•As if my appearance at the hellfire club-like Dionysium in Austin two days ago weren’t epic enough, tonight – while I’m still safely away in Texas – Manhattan is scheduled to be visited by Charlie Sheen’s tour, My Violent Torpedo of Truth. (Next stop, fears Ali Kokmen, Dr. Drew’s Celebrity Rehab.)
•Speaking of odd showmen, last weekend I saw (vegan, Muslim-convert, Turkey-dwelling, goth, and Elric of Melnibone lookalike) Peter Murphy in concert yet again, and – after a gothy stop at Shade Bar, where I was not the only person from the Murphy concert, it turned out – I finally found his song “Cuts You Up” on a karaoke playlist, completing a years-long quest. The performance went well and proved it’s the song I was born to karaokeize, to my great relief, complete with congratulatory high-fives from the males and extra female eye contact. This is as it should be.

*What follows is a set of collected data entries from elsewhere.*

(* Let $X\sim p$ be a norm-subgaussian random vector in $\mathbb{R}^d$, let $s_\theta\colon[0,T_1]\times\mathbb{R}^d\to\mathbb{R}^d$ be Lipschitz continuous, and for each $t$ let $L_s(t)\in\mathbb{R}$ satisfy $(s_\theta(t,x)-s_\theta(t,y))\cdot(x-y)\le L_s(t)\|x-y\|^2$ for all $x,y$. Let $(p_t)_{t\ge0}$ be the laws of the Ornstein--Uhlenbeck process $dX_t=-X_t\,dt+\sqrt2\,dB_t$ with $X_0=X$. Pick $0<\delta<1$ and $T_1\ge\log\big(\frac{16}{\delta}d(\|X\|_{\psi_2}+1)\big)$. Define $\tilde s_\theta\colon\mathbb{R}^d\to\mathbb{R}^d$ componentwise by, with $\ell=\ell(x)=\frac{\delta}{2d}(1+\|x\|)$, $$[\tilde s_\theta(x)]_i=\begin{cases}[s_\theta(T_1,x)]_i,&\text{if }|-x_i-[s_\theta(T_1,x)]_i|\le\ell,\\ -x_i-\ell,&\text{if }[s_\theta(T_1,x)]_i<-x_i-\ell,\\ -x_i+\ell,&\text{if }[s_\theta(T_1,x)]_i>-x_i+\ell.\end{cases}$$ Fix $0<\epsilon<1$ and let $b(T_1)=\mathbb{E}_{p_{T_1}}[\|\nabla\log p_{T_1}-s_\theta(T_1,\cdot)\|^2]$. Then for all $0<\beta\le\frac{1}{36\delta^2}$, $$\log\mathbb{E}_{p_{T_1}}\Big[\exp\big(\beta\|\nabla\log p_{T_1}-\tilde s_\theta\|^2\big)\Big]\le\epsilon,$$ provided that $b(T_1)\le\frac{1}{550\beta}\epsilon^{2+36\beta\delta^2}$.
   Context: An $\mathbb{R}^d$-valued random variable $X$ is norm-subgaussian if $\|X\|_{\psi_2}:=\inf\{t>0:\mathbb{E}[e^{\|X\|^2/t^2}]\le2\}<\infty$, where $\|\cdot\|$ is the Euclidean norm. Laws are identified with their Lebesgue densities. *)

theory Defs
  imports "HOL-Analysis.Analysis"
begin

definition psi2_norm :: "('a::euclidean_space \<Rightarrow> real) \<Rightarrow> real" where
  "psi2_norm p = Inf {t. t > 0 \<and>
     (\<integral>\<^sup>+ x. ennreal (p x * exp ((norm x)^2 / t^2)) \<partial>lborel) \<le> 2}"

definition norm_subgaussian :: "('a::euclidean_space \<Rightarrow> real) \<Rightarrow> bool" where
  "norm_subgaussian p \<longleftrightarrow> (\<exists>t>0.
     (\<integral>\<^sup>+ x. ennreal (p x * exp ((norm x)^2 / t^2)) \<partial>lborel) \<le> 2)"

text \<open>Density of the Ornstein--Uhlenbeck marginal p_t (t > 0) of
  dX_t = -X_t dt + sqrt 2 dB_t with X_0 having density p:
  X_t = e^{-t} X_0 + sqrt(1 - e^{-2t}) Z, Z standard Gaussian.\<close>
definition ou_density :: "('a::euclidean_space \<Rightarrow> real) \<Rightarrow> real \<Rightarrow> 'a \<Rightarrow> real" where
  "ou_density p t y = (let var = 1 - exp (-2*t) in
     LINT x|lborel. p x * ((2*pi * var) powr (-(real DIM('a))/2) *
        exp (- ((norm (y - exp (-t) *\<^sub>R x))^2) / (2 * var))))"

definition grad :: "(real^'n \<Rightarrow> real) \<Rightarrow> real^'n \<Rightarrow> real^'n" where
  "grad f x = (\<chi> i. frechet_derivative f (at x) (axis i 1))"

definition clip_score :: "real \<Rightarrow> (real^'n \<Rightarrow> real^'n) \<Rightarrow> real^'n \<Rightarrow> real^'n" where
  "clip_score \<delta> s x = (let l = \<delta> / (2 * real CARD('n)) * (1 + norm x) in
     (\<chi> i. if \<bar>- (x$i) - (s x)$i\<bar> \<le> l then (s x)$i
           else if (s x)$i < - (x$i) - l then - (x$i) - l
           else - (x$i) + l))"

end

theory Submission
  imports Defs "HOL-Probability.Distributions"
begin

text \<open>
  The Ornstein-Uhlenbeck marginal at time T is the Gaussian convolution
  q(y) = integral of p(x) N(y; a x, V) dx, with a = exp(-T) and V = 1 - a^2.
  Differentiating under the integral gives grad log q(y) + y = (a/V) (E[X | y] - a y), and a
  localization argument based on the subgaussian tail of p bounds |E[X | y]| by
  R = 7 P (1 + |y|), where P = psi2_norm p + 1.  Once a <= delta / (16 d P), every coordinate
  of grad log q(y) therefore lies within l(y) of -y, i.e. inside the clipping box.
  Clipping into a box that contains the target can only decrease each coordinate error and
  bounds it by 2 l(y); hence the clipped error m satisfies m <= |grad log q - s|^2 and
  m <= delta^2 (1 + |y|)^2 / d.  Splitting on whether exp (beta m) <= L = 6 / eps gives
  exp (beta m) <= 1 + L beta |grad log q - s|^2 + exp (2 beta m) / L.  The middle term
  integrates to at most L beta b(T), the last one to a Gaussian moment of q, which Fubini
  reduces to the subgaussian moment of p.
\<close>

section \<open>Gaussian integrals\<close>

lemma nn_integral_normal_density_exp_square:
  fixes V c m :: real
  assumes V: "V > 0" and c: "2 * c * V < 1"
  shows "(\<integral>\<^sup>+ s. ennreal ((2 * pi * V) powr (-1/2) * exp (- (s - m)\<^sup>2 / (2 * V)) * exp (c * s\<^sup>2)) \<partial>lborel)
       = ennreal ((1 - 2 * c * V) powr (-1/2) * exp (c * m\<^sup>2 / (1 - 2 * c * V)))"
proof -
  define r where "r = 1 - 2 * c * V"
  have r: "r > 0" using c r_def by simp
  define \<sigma> where "\<sigma> = sqrt (V / r)"
  define \<mu> where "\<mu> = m / r"
  have \<sigma>: "\<sigma> > 0" "\<sigma>\<^sup>2 = V / r" using V r by (simp_all add: \<sigma>_def)
  have completed_square: "(2 * pi * V) powr (-1/2) * exp (- (s - m)\<^sup>2 / (2 * V)) * exp (c * s\<^sup>2)
      = (r powr (-1/2) * exp (c * m\<^sup>2 / r)) * normal_density \<mu> \<sigma> s" for s
  proof -
    have c_eq: "c = (1 - r) / (2 * V)" using V unfolding r_def by (simp add: field_simps)
    have e: "- (s - m)\<^sup>2 / (2 * V) + c * s\<^sup>2 = c * m\<^sup>2 / r + (- (s - \<mu>)\<^sup>2 / (2 * \<sigma>\<^sup>2))"
      unfolding \<sigma>(2) \<mu>_def c_eq using V r by (simp add: field_simps power2_eq_square)
    have n: "1 / sqrt (2 * pi * \<sigma>\<^sup>2) = (2 * pi * V) powr (-1/2) * sqrt r"
      unfolding \<sigma>(2) using V r
      by (simp add: powr_minus_divide powr_half_sqrt real_sqrt_divide real_sqrt_mult field_simps)
    have rr: "r powr (-1/2) * sqrt r = 1" using r by (simp add: powr_minus_divide powr_half_sqrt)
    have "(2 * pi * V) powr (-1/2) * exp (- (s - m)\<^sup>2 / (2 * V)) * exp (c * s\<^sup>2)
        = (r powr (-1/2) * sqrt r) * (2 * pi * V) powr (-1/2) * exp (c * m\<^sup>2 / r) * exp (- (s - \<mu>)\<^sup>2 / (2 * \<sigma>\<^sup>2))"
      unfolding rr by (simp only: mult_1 mult.assoc exp_add[symmetric] e)
    also have "\<dots> = (r powr (-1/2) * exp (c * m\<^sup>2 / r)) * normal_density \<mu> \<sigma> s"
      unfolding normal_density_def n by (simp add: algebra_simps)
    finally show ?thesis .
  qed
  have "(\<integral>\<^sup>+ s. ennreal ((2 * pi * V) powr (-1/2) * exp (- (s - m)\<^sup>2 / (2 * V)) * exp (c * s\<^sup>2)) \<partial>lborel)
      = ennreal (r powr (-1/2) * exp (c * m\<^sup>2 / r)) * (\<integral>\<^sup>+ s. ennreal (normal_density \<mu> \<sigma> s) \<partial>lborel)"
    unfolding completed_square by (simp add: ennreal_mult' nn_integral_cmult)
  also have "(\<integral>\<^sup>+ s. ennreal (normal_density \<mu> \<sigma> s) \<partial>lborel) = 1"
    using nn_integral_eq_integral[of lborel "normal_density \<mu> \<sigma>"] \<sigma>(1) by simp
  finally show ?thesis by (simp add: r_def)
qed

lemma powr_minus_half_DIM:
  assumes "K > 0"
  shows "K powr (- real DIM('a::euclidean_space) / 2) = (K powr (-1/2)) ^ DIM('a)"
proof -
  have "(K powr (-1/2)) ^ DIM('a) = (K powr (-1/2)) powr (real DIM('a))"
    using assms by (simp add: powr_realpow)
  then show ?thesis by (simp add: powr_powr)
qed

•I don’t know if Murphy gets grief over being a Muslim (sometimes people bend over backwards not to criticize Muslims, even when they kill people, as my friend Mollie Ziegler Hemingway notes here), but they certainly spend a lot of time mocking Mormons (why not every other sect with equal contempt, is my atheist attitude?), so I was cautious about embracing the Trey Parker and Matt Stone’s Book of Mormon comedy musical (which I saw with a Christian Science adherent, come to think of it – and I could do a comedy about that).

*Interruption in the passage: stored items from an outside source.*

lemma restricted_proj_fixes_annih:
  assumes h: "h \<in> annih Z Y"
  shows "restricted_proj h = h"
proof -
  have "h \<in> dual_sp Y"
    using h unfolding annih_def by blast
  then obtain H where H: "H \<in> dual_sp UNIV" "dual_restrict Y H = h"
    using norm_preserving_extension[OF subspace_Y] by blast
  have "H z = 0" if "z \<in> Z" for z
    using fun_cong[OF H(2), of z] h that Z_subset_Y unfolding annih_def dual_restrict_def by auto
  then have "P H = H"
    using H(1) proj_fixes_annih unfolding annih_def by blast
  then show ?thesis
    using restricted_proj_eq[OF H] H(2) by simp
qed

lemma restricted_proj_norm:
  assumes f: "f \<in> dual_sp Y"
  shows "dnorm Y (restricted_proj f) \<le> dnorm Y f"
proof -
  obtain F where F: "F \<in> dual_sp UNIV" "dual_restrict Y F = f" "dnorm UNIV F = dnorm Y f"
    using norm_preserving_extension[OF subspace_Y f] by blast
  have "dnorm Y (restricted_proj f) = dnorm Y (P F)"
    using restricted_proj_eq[OF F(1,2)] dnorm_dual_restrict by simp
  also have "\<dots> \<le> dnorm UNIV (P F)"
    using dnorm_mono[OF subset_UNIV subspace_0[OF subspace_Y]] proj_dual F(1) by blast
  also have "\<dots> \<le> dnorm UNIV F"
    using proj_norm F(1) by blast
  finally show ?thesis
    using F(3) by simp
qed

lemma restricted_complement:
  assumes F: "F \<in> dual_sp UNIV" and f: "dual_restrict Y F = f"
  shows "(\<lambda>x. f x - restricted_proj f x) = dual_restrict Y (\<lambda>x. F x - P F x)"
  using restricted_proj_eq[OF F f] f unfolding dual_restrict_def by auto

lemma dnorm_restricted_complement:
  assumes F: "F \<in> dual_sp UNIV"
  shows "dnorm Y (dual_restrict Y (\<lambda>x. F x - P F x)) = dnorm UNIV (\<lambda>x. F x - P F x)"
proof (rule antisym)
  have G: "(\<lambda>x. F x - P F x) \<in> dual_sp UNIV"
    using F proj_dual dual_sp_diff by blast
  show "dnorm Y (dual_restrict Y (\<lambda>x. F x - P F x)) \<le> dnorm UNIV (\<lambda>x. F x - P F x)"
    unfolding dnorm_dual_restrict by (rule dnorm_mono[OF subset_UNIV subspace_0[OF subspace_Y] G])
  obtain H where H: "H \<in> dual_sp UNIV" "dual_restrict Y H = dual_restrict Y (\<lambda>x. F x - P F x)"
    and norm_H: "dnorm UNIV H = dnorm Y (dual_restrict Y (\<lambda>x. F x - P F x))"
    using norm_preserving_extension[OF subspace_Y dual_restrict_in_dual_sp[OF subspace_Y _ G]]
    by blast
  have "\<forall>z\<in>Z. H z = F z - P F z"
    using H(2) Z_subset_Y unfolding dual_restrict_def by (metis subsetD)
  then show "dnorm UNIV (\<lambda>x. F x - P F x) \<le> dnorm Y (dual_restrict Y (\<lambda>x. F x - P F x))"
    using complement_norm_minimal[OF F H(1)] norm_H by simp
qed


lemma restricted_proj_strict:
  assumes f: "f \<in> dual_sp Y" and g: "g = (\<lambda>x. f x - restricted_proj f x)"
    and w: "w \<in> annih Z Y" and w_ne: "w \<noteq> (\<lambda>x. 0)"
  shows "dnorm Y g < dnorm Y (\<lambda>x. g x + w x) \<and> dnorm Y w \<le> dnorm Y (\<lambda>x. g x + w x)"
proof -
  obtain F where F: "F \<in> dual_sp UNIV" "dual_restrict Y F = f"
    using norm_preserving_extension[OF subspace_Y f] by blast
  define G where "G = (\<lambda>x. F x - P F x)"
  have g_G: "g = dual_restrict Y G"
    unfolding g G_def using restricted_complement[OF F] .
  have G: "G \<in> dual_sp UNIV"
    unfolding G_def using F(1) proj_dual dual_sp_diff by blast
  have w_dual: "w \<in> dual_sp Y" and w_Z: "\<forall>z\<in>Z. w z = 0"
    using w unfolding annih_def by auto
  have "(\<lambda>x. g x + w x) \<in> dual_sp Y"
    using dual_sp_add[OF _ w_dual] dual_restrict_in_dual_sp[OF subspace_Y subset_UNIV G] g_G by simp
  then obtain K where K: "K \<in> dual_sp UNIV" "dual_restrict Y K = (\<lambda>x. g x + w x)"
    and norm_K: "dnorm UNIV K = dnorm Y (\<lambda>x. g x + w x)"
    using norm_preserving_extension[OF subspace_Y] by blast
  have K_Y: "K x = G x + w x" if "x \<in> Y" for x
    using fun_cong[OF K(2), of x] that unfolding g_G dual_restrict_def by simp
  then have "\<forall>z\<in>Z. K z = F z - P F z"
    using w_Z Z_subset_Y unfolding G_def by auto
  moreover have "K \<noteq> G"
  proof
    assume "K = G"
    then have "w x = 0" for x
      using K_Y w_dual unfolding dual_sp_def by (cases "x \<in> Y") auto
    then show False
      using w_ne by auto
  qed
  ultimately have strict: "dnorm UNIV G < dnorm UNIV K" "dnorm UNIV (\<lambda>x. K x - G x) \<le> dnorm UNIV K"
    using complement_norm_strict[OF F(1) K(1)] unfolding G_def by auto
  have "w = dual_restrict Y (\<lambda>x. K x - G x)"
    using K_Y w_dual unfolding dual_restrict_def dual_sp_def by auto
  then have "dnorm Y w = dnorm Y (\<lambda>x. K x - G x)"
    by (simp only: dnorm_dual_restrict)
  also have "\<dots> \<le> dnorm UNIV (\<lambda>x. K x - G x)"
    by (rule dnorm_mono[OF subset_UNIV subspace_0[OF subspace_Y] dual_sp_diff[OF K(1) G]])
  finally have "dnorm Y w \<le> dnorm UNIV (\<lambda>x. K x - G x)" .
  moreover have "dnorm Y g = dnorm UNIV G"
    unfolding g_G G_def using dnorm_restricted_complement[OF F(1)] .
  ultimately show ?thesis
    using strict norm_K by linarith
qed

theorem HB_projection_restricted: "HB_projection Z Y restricted_proj"
proof -
  have range: "restricted_proj ` dual_sp Y = annih Z Y"
  proof
    show "restricted_proj ` dual_sp Y \<subseteq> annih Z Y"
      using restricted_proj_annih by blast
    show "annih Z Y \<subseteq> restricted_proj ` dual_sp Y"
      using restricted_proj_fixes_annih unfolding annih_def by (metis (no_types, lifting) image_eqI mem_Collect_eq subsetI)
  qed
  show ?thesis
    unfolding HB_projection_def
  proof (intro conjI ballI allI impI)
    fix f assume "f \<in> dual_sp Y"
    then show "restricted_proj f \<in> dual_sp Y"
      using restricted_proj_annih unfolding annih_def by blast
  next
    fix f g assume "f \<in> dual_sp Y" "g \<in> dual_sp Y"
    then show "restricted_proj (\<lambda>x. f x + g x) = (\<lambda>x. restricted_proj f x + restricted_proj g x)"
      by (rule restricted_proj_add)
  next
    fix c f assume "f \<in> dual_sp Y"
    then show "restricted_proj (\<lambda>x. c * f x) = (\<lambda>x. c * restricted_proj f x)"
      by (rule restricted_proj_scale)
  next
    fix f assume "f \<in> dual_sp Y"
    then show "restricted_proj (restricted_proj f) = restricted_proj f"
      using restricted_proj_annih restricted_proj_fixes_annih by blast
  next
    fix f assume "f \<in> dual_sp Y"
    then show "dnorm Y (restricted_proj f) \<le> dnorm Y f"
      by (rule restricted_proj_norm)
  next
    fix g w assume "g \<in> {(\<lambda>x. f x - restricted_proj f x) | f. f \<in> dual_sp Y}"
      and "w \<in> annih Z Y" "w \<noteq> (\<lambda>x. 0)"
    then show "dnorm Y g < dnorm Y (\<lambda>x. g x + w x)" "dnorm Y w \<le> dnorm Y (\<lambda>x. g x + w x)"
      using restricted_proj_strict by blast+
  qed (rule range)
qed

end

theorem theorem3p14:
  fixes Y Z :: "'a::banach set"
  assumes "subspace Y" and "closed Y"
    and "subspace Z" and "closed Z"
    and "Z \<subseteq> Y"
    and "has_HB Z (UNIV :: 'a set)"
  shows "has_HB Z Y"
proof -
  obtain P where "HB_projection Z UNIV P"
    using assms(6) has_HB_iff_HB_projection by blast
  then have "HB_restriction Z P Y"
    using assms(1,5) by (simp add: HB_restriction_def HB_restriction_axioms_def)
  then show ?thesis
    using HB_restriction.HB_projection_restricted has_HB_iff_HB_projection by blast
qed

end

In the end, though, I think it was actually too tame (someone told me, with worry, that Mormon tourists aren’t even offended by it). There were brief tableaux of the core Mormon stories, but most of it (much like the film Orgazmo before it) just used the religious naifs for a fish-out-of-water story (missionaries in Uganda) that could have been told using almost any faith.

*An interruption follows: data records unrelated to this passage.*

definition attractor :: "complex \<Rightarrow> complex set \<Rightarrow> complex set" where
  "attractor lam D = {(\<Sum>n. a n * lam ^ n) | a. \<forall>n. a n \<in> D}"

definition piece :: "complex \<Rightarrow> complex set \<Rightarrow> complex \<Rightarrow> complex set" where
  "piece lam D d = (\<lambda>z. lam * z + d) ` attractor lam D"

definition overlap_set :: "complex \<Rightarrow> complex set \<Rightarrow> complex set" where
  "overlap_set lam D = (\<Union>d\<in>D. \<Union>d'\<in>D - {d}. piece lam D d \<inter> piece lam D d')"

text \<open>Power series are represented by their coefficient sequences.
  The class B: coefficients in D - D, nonzero constant term.\<close>
definition classB :: "complex set \<Rightarrow> (nat \<Rightarrow> complex) set" where
  "classB D = {c. (\<forall>n. c n \<in> {x - y | x y. x \<in> D \<and> y \<in> D}) \<and> c 0 \<noteq> 0}"

definition ps_eval :: "(nat \<Rightarrow> complex) \<Rightarrow> complex \<Rightarrow> complex" where
  "ps_eval c z = (\<Sum>n. c n * z ^ n)"

definition classF :: "complex \<Rightarrow> complex set \<Rightarrow> (nat \<Rightarrow> complex) set" where
  "classF lam D = {c \<in> classB D. ps_eval c lam = 0}"

text \<open>|f \<and> g| = min{k \<ge> 0 : f^(k+1)(0) \<noteq> g^(k+1)(0)}; since f^(k+1)(0) = (k+1)! c_(k+1),
  this is the least k with c_(k+1) \<noteq> c'_(k+1); infinity if no such k exists.\<close>
definition common_deg :: "(nat \<Rightarrow> complex) \<Rightarrow> (nat \<Rightarrow> complex) \<Rightarrow> enat" where
  "common_deg c c' = (if \<exists>k. c (Suc k) \<noteq> c' (Suc k)
     then enat (LEAST k. c (Suc k) \<noteq> c' (Suc k)) else \<infinity>)"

The actual Book of Mormon, come to think of it, has something in common with They Live, a movie I talked about in my blog entry two days ago: magic glasses that reveal the true meaning of texts.
•Another fish-out-of-water story could be told about one of my favorite vegan acquaintances, who is not here in Austin, where she used to live, surrounded by BBQ. Surrounded. I wonder how many times Peter Murphy has said in Turkish, “No lamb for me, thanks.” Actually, if he were feeling contrarian, a gothy song called “Eat the Lamb” could be nicely menacing. Perhaps “Smell the Lamb.” Ah, now there’s a 1991-ish song idea I can bat around with my Brown peeps at next month’s reunion.